Pull out every line below containing the word "True".
*** Records provided ***
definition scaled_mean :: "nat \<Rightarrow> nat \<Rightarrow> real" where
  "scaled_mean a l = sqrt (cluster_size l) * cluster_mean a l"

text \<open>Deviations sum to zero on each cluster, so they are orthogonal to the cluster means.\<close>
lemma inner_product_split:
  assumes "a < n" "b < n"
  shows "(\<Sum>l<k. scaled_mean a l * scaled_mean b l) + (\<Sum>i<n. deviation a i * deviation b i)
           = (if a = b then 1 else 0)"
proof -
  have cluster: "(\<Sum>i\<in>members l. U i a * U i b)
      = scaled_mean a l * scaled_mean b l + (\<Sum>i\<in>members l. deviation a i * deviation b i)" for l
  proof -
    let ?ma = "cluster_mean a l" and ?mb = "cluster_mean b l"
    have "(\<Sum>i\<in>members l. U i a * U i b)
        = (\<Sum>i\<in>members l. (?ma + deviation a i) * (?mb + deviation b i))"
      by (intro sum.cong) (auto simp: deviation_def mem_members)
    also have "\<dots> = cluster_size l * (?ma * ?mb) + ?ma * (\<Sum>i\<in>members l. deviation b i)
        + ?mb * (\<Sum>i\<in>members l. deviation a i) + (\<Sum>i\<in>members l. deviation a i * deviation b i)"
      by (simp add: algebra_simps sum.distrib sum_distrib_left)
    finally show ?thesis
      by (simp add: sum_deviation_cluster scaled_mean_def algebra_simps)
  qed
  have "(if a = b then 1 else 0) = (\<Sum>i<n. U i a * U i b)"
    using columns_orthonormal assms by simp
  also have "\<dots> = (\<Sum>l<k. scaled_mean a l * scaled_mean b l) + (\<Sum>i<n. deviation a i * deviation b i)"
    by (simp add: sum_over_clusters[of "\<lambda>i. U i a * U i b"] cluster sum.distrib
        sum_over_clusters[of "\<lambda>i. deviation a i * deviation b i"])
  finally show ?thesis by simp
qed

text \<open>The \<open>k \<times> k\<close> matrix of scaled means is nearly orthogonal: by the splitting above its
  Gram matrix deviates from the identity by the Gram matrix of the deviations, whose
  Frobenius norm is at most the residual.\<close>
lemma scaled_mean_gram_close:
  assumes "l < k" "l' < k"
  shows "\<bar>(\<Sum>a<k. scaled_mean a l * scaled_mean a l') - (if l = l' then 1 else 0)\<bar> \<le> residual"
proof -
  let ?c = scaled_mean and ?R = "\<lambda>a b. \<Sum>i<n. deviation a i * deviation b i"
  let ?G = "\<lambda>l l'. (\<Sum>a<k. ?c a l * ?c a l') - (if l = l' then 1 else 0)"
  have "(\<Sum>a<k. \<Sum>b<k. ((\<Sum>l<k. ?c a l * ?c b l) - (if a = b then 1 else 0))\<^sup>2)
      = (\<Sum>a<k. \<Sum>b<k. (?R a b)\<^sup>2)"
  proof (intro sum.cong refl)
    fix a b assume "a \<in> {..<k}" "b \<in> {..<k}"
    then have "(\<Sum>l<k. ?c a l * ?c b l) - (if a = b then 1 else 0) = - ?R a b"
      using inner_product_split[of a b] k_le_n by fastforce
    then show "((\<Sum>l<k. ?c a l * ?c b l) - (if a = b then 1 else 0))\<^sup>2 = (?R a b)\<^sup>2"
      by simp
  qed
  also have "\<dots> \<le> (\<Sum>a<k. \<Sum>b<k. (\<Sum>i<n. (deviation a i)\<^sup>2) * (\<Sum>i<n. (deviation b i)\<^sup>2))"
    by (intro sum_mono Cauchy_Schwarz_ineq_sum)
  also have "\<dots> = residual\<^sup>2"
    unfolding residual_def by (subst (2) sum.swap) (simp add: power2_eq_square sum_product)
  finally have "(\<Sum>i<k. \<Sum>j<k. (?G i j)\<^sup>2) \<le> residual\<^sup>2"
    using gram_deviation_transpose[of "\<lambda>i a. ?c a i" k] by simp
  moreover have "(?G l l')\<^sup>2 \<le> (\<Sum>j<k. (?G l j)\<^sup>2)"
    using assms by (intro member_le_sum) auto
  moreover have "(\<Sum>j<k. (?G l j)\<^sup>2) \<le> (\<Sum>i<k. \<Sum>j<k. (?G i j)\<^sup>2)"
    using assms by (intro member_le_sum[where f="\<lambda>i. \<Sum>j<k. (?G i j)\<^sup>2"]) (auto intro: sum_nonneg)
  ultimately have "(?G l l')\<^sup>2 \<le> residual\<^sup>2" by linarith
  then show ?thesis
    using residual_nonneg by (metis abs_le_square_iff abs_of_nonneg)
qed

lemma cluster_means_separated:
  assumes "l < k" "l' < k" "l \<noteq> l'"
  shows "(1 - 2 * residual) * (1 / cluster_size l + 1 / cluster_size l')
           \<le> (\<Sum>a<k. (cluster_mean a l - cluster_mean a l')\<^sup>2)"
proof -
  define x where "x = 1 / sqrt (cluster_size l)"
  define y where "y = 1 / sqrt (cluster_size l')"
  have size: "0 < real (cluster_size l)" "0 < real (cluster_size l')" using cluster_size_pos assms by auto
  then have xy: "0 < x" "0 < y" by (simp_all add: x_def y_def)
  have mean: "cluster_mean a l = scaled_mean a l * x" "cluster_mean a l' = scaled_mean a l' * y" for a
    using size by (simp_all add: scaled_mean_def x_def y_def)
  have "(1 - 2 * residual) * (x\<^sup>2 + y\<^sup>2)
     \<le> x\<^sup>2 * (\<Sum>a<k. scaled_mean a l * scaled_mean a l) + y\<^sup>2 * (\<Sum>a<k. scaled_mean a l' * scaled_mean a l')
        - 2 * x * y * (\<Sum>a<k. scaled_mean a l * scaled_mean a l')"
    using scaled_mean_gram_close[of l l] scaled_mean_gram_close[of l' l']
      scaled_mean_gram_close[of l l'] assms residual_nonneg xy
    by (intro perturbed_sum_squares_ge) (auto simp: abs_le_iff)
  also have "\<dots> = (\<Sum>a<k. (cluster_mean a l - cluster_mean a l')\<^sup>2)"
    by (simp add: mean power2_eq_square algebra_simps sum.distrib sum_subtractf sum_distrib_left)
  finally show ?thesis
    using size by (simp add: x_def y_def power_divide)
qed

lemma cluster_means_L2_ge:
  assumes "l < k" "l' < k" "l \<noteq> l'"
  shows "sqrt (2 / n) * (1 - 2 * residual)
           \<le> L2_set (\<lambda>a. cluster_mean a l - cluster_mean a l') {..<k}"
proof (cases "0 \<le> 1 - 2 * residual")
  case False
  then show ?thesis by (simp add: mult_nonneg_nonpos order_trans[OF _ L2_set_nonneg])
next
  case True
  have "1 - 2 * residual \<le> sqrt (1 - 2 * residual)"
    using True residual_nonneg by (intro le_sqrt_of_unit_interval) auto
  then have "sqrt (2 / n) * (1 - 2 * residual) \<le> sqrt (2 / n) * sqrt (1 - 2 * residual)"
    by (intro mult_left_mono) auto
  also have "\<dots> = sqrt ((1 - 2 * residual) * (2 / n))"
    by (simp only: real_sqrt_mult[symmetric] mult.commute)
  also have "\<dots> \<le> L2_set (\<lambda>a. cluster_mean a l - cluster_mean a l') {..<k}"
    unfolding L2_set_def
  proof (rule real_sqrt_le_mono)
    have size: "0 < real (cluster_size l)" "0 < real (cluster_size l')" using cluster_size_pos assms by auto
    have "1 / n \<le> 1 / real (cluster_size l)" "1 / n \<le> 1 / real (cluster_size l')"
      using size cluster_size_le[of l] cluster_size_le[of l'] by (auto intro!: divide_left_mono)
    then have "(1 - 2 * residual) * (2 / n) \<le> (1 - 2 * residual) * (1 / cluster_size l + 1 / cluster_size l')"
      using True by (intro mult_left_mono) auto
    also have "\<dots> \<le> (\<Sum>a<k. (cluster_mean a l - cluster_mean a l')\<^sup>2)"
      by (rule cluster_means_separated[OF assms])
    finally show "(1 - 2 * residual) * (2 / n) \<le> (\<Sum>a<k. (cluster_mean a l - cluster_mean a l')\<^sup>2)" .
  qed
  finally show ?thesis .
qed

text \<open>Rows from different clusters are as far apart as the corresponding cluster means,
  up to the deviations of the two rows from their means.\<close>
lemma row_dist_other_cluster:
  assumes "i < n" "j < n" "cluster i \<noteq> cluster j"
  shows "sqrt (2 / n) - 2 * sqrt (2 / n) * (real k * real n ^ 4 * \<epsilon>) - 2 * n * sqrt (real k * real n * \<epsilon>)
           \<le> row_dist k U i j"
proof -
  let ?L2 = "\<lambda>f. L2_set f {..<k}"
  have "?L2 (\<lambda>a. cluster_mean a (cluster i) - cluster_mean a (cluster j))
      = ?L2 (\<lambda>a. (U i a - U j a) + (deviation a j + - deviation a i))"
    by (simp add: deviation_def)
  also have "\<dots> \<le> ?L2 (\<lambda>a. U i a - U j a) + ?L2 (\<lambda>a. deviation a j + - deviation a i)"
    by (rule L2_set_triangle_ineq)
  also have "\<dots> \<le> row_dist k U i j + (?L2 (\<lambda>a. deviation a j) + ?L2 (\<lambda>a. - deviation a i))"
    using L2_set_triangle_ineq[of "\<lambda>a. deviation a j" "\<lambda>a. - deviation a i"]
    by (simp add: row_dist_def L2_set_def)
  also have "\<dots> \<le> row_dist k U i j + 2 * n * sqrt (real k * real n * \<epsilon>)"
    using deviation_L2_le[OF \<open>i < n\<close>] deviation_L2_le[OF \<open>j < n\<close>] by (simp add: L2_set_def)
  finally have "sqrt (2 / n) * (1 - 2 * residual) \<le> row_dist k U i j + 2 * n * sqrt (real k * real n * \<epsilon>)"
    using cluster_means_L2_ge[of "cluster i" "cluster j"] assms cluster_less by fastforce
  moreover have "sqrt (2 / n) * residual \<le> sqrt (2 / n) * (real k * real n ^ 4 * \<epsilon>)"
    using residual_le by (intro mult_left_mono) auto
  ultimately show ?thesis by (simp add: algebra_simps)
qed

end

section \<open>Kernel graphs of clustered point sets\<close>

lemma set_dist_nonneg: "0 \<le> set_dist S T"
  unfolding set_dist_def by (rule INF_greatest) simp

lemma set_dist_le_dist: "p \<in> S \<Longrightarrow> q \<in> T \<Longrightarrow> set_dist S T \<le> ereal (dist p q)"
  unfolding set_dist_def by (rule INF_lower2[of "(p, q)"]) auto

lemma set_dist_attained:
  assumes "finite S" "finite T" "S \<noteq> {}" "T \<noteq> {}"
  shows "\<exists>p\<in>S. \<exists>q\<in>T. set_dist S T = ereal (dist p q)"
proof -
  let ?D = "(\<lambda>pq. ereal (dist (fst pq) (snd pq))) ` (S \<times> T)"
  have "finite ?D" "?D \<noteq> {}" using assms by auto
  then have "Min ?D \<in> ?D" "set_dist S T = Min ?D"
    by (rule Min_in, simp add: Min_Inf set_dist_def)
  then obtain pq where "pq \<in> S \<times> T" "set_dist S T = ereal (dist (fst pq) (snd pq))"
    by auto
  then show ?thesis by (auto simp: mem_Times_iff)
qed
*** End of Records provided ***
- _Written response_:
  case True
    using True residual_nonneg by (intro le_sqrt_of_unit_interval) auto
      using True by (intro mult_left_mono) auto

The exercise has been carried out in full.